═════ Information provided ═════

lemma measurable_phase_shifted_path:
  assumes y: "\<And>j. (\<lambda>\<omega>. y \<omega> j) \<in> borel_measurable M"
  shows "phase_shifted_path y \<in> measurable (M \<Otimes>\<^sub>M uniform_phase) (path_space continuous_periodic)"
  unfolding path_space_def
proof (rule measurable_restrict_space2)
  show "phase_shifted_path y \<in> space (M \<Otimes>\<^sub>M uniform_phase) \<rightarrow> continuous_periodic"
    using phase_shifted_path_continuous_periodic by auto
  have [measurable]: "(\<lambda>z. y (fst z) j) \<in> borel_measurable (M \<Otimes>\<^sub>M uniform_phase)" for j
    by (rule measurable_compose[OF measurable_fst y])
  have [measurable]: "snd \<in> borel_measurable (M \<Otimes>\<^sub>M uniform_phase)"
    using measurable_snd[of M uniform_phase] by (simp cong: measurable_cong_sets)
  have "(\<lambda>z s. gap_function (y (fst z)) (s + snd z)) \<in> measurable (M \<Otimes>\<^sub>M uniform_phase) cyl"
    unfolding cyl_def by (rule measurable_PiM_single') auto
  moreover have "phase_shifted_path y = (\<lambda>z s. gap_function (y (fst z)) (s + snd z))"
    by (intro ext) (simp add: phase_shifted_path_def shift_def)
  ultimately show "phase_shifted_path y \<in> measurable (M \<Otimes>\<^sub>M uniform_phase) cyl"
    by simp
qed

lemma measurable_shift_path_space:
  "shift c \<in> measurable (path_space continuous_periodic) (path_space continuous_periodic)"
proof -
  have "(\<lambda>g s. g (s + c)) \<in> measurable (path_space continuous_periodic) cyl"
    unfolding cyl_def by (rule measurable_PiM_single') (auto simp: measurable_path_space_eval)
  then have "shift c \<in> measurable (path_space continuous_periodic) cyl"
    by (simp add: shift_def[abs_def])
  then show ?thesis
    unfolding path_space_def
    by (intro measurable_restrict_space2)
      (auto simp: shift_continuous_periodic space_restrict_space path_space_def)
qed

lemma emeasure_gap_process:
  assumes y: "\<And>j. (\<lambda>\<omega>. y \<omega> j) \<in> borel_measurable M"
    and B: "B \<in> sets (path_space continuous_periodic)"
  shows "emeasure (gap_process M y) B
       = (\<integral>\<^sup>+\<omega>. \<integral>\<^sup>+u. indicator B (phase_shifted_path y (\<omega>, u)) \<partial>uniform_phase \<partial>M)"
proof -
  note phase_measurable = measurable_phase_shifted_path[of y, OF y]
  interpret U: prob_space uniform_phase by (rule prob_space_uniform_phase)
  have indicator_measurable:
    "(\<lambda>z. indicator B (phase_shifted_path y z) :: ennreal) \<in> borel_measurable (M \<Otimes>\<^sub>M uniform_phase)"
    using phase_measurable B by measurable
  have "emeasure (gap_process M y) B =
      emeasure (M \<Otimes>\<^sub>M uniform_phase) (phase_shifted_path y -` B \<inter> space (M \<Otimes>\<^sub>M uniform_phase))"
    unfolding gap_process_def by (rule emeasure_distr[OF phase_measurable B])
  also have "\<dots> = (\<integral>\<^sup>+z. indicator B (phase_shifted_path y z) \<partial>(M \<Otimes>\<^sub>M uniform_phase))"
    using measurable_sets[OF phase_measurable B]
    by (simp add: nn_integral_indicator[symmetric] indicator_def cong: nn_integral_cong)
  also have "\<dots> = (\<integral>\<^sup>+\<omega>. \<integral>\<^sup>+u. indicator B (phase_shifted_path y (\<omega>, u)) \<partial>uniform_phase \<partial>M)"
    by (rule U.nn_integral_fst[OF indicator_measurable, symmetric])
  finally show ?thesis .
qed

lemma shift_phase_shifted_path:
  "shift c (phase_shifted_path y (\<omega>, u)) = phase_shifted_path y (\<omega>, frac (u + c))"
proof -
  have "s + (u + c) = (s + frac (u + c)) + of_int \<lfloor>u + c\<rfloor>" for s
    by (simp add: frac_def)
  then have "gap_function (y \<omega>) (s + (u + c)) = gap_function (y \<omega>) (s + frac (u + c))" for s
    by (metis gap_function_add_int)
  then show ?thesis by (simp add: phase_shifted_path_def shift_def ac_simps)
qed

═════
═════ Information provided ═════

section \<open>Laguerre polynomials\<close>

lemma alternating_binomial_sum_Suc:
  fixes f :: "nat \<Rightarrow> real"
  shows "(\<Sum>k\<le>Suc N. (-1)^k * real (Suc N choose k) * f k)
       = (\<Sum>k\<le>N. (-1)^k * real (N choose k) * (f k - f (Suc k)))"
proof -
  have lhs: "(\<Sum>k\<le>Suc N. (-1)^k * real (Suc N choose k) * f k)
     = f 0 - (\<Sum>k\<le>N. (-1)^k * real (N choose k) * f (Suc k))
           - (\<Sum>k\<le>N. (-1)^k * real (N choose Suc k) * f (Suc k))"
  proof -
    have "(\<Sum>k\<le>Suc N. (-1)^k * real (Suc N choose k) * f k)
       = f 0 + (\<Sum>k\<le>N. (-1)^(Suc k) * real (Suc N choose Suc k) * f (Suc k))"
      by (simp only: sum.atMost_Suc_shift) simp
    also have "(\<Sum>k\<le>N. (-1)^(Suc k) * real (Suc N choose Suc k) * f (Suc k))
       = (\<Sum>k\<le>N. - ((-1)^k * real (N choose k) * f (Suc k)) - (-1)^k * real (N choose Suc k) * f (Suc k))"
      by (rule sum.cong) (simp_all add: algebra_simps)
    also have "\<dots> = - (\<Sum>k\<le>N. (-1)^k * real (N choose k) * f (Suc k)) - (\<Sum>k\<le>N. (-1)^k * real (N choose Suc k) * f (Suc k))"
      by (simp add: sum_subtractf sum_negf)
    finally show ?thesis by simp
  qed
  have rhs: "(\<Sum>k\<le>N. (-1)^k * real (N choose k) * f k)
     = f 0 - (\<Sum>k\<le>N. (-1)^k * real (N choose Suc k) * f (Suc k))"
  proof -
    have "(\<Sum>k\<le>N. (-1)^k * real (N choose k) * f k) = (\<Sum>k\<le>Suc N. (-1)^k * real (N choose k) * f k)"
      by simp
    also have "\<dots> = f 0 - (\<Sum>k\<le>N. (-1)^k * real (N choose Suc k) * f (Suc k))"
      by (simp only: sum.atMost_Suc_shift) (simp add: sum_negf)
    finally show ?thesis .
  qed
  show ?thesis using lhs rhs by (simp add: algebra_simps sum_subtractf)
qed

═════
═════ Information provided ═════

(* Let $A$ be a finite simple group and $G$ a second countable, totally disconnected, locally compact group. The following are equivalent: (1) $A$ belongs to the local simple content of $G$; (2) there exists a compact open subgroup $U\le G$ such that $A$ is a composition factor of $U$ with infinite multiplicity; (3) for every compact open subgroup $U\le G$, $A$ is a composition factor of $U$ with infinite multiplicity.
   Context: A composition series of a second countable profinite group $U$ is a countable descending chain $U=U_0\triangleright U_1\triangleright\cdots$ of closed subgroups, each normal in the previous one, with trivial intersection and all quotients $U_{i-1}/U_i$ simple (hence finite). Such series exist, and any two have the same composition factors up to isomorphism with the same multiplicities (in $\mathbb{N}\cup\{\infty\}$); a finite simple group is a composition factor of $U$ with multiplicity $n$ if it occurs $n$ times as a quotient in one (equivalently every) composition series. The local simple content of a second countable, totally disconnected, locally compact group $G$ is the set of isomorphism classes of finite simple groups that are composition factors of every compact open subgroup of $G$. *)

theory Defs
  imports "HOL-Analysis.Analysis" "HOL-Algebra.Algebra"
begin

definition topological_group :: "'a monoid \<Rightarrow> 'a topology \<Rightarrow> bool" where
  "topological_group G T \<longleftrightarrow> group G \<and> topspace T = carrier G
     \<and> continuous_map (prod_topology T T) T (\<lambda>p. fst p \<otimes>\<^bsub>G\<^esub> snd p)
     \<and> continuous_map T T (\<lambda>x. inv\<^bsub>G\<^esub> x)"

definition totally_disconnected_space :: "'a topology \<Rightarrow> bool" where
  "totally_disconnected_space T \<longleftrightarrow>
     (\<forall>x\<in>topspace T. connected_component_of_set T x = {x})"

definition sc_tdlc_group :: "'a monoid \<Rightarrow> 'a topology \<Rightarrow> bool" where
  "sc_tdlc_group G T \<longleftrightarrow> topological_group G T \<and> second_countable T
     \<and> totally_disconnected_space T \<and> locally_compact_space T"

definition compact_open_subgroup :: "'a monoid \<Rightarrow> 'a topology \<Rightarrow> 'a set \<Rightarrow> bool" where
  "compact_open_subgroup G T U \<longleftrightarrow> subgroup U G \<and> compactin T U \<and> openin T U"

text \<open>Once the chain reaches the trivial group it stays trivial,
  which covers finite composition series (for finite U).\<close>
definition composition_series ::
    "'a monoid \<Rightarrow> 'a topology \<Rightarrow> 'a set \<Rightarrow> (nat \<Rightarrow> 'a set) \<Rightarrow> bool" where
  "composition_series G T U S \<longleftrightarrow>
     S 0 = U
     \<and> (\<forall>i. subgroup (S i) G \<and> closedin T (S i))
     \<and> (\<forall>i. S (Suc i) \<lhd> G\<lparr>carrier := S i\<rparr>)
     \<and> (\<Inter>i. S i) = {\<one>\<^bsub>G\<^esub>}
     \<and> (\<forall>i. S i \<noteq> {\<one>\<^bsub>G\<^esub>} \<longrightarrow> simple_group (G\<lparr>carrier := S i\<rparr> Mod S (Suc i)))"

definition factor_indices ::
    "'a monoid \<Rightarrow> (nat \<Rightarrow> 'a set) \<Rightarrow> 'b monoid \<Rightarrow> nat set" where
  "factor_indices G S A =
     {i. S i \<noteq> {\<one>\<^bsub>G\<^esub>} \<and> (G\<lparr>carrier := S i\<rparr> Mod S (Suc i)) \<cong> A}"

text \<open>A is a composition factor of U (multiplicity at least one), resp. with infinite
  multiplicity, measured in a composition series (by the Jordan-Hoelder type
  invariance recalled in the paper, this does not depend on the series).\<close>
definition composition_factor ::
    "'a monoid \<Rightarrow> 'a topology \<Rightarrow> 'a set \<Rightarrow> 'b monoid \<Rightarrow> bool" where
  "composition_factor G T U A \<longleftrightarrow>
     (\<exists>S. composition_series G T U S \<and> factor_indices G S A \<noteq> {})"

═════

◆ **What the exercise asks**:
Show all lines from the records above where the word "unfolding" occurs.

◆ **Finished exercise**:
  unfolding path_space_def
    unfolding cyl_def by (rule measurable_PiM_single') auto
    unfolding cyl_def by (rule measurable_PiM_single') (auto simp: measurable_path_space_eval)
    unfolding path_space_def
    unfolding gap_process_def by (rule emeasure_distr[OF phase_measurable B])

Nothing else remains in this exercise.